Thursday, October 10, 2013

unusual aggregations

In the meantime, while I'm busy with the other things, I want to write up some short notes for the future.

In the world of monitoring there is a concept of time series: the sequence of values observed at certain moments of time. And then the common thing is to subtract the previous value from each one. For example, if the total number of events processed by a server is by time stamps:

0 20 30 50

then by subtracting the previous value we get the number of events processed during each time period:

20 10 30

(naturally, there is one less value, since, the first one in the original series has nothing to subtract).

This can really be thought of as an aggregation. A highly unusual one, producing not just one result row per group but many rows per group, but still a variety of aggregation.

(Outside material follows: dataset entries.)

lemma not_good_mpow:
  fixes I :: "('n::finite) expvec set" and i1 i2 i3 i4 :: 'n
  assumes "m_primary I" and above: "\<forall>g\<in>I. 1 \<le> weight (pdeg I) g"
    and "distinct [i1, i2, i3, i4]" and "2 \<le> k"
  shows "\<not> good (mpow I k)"
proof
  assume good: "good (mpow I k)"
  define d where "d = pdeg I"
  define J where "J = mpow I k"
  define P where "P i = pure i (d i)" for i
  define A where "A = (\<lambda>j. ((k - 1) * P i1 j + P i3 j) + ((k - 1) * P i2 j + P i4 j))"
  have mono: "monomial_ideal I"
    using assms(1) by (simp add: m_primary_def)
  have "P i \<in> I" for i
    unfolding P_def d_def by (rule pure_pdeg_mem[OF assms(1)])
  then have "(\<lambda>j. (k - 1) * P i j + P i' j) \<in> mpow I (k - 1 + 1)" for i i'
    by (intro mpow_add_mem[OF mono] mpow_scale_mem mpow_one_mem)
  then have "(\<lambda>j. (k - 1) * P i j + P i' j) \<in> J" for i i'
    using \<open>2 \<le> k\<close> unfolding J_def by simp
  then have "A \<in> mpow J 2"
    using mpow_add_mem[OF monomial_ideal_mpow[OF mono] mpow_one_mem mpow_one_mem]
    unfolding A_def J_def one_add_one by blast
  moreover have "weight d A = real 2 * real k"
    using pdeg_pos[OF assms(1)] \<open>2 \<le> k\<close>
    by (simp add: A_def P_def d_def weight_add weight_scale weight_pure of_nat_diff)
  moreover have "\<forall>g\<in>J. real k \<le> weight d g"
    using mpow_weight_ge[OF above] unfolding J_def d_def by fastforce
  ultimately have "A \<in> gens (mpow J 2)"
    using weight_minimal_mem_gens[of d J "real k" A 2] pdeg_pos[OF assms(1)]
    unfolding d_def by (simp add: mult.commute)
  then obtain j where "pdeg J j \<le> A j"
    using good_gens_mpow_exceed_pdeg[of J 2 A] good unfolding J_def by auto
  moreover have "A j \<le> (k - 1) * d j"
  proof -
    have "1 \<le> k - 1"
      using \<open>2 \<le> k\<close> by simp
    then have "d j \<le> (k - 1) * d j"
      by simp
    then show ?thesis
      using assms(3) by (auto simp: A_def P_def pure_def)
  qed
  moreover have "(k - 1) * d j < pdeg J j"
    using pdeg_mpow[OF assms(1) above] pdeg_pos[OF assms(1)] \<open>2 \<le> k\<close>
    unfolding J_def d_def by simp
  ultimately show False
    by linarith
qed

The other similar  example is with the timestamps. Suppose, we have a multi-stage process, and a timestamped record of when each stage started:

11:30 Stage1
11:45 Stage2
12:10 Stage3
12:20 End

This record can be converted into the length of each stage by subtracting the next time value from the starting timestamp:

Stage1 0:15
Stage2 0:25
Stage3 0:10

And the other way around, if we have the starting time and the record of the length of each stage, we can convert them back to the absolute timestamps.

Monday, September 9, 2013

status update

I've started on editing the manual for version 2.0 and then got distracted by the Real Life. Things should quiet down a bit in a couple more months and I'll get back to making the official release 2.0.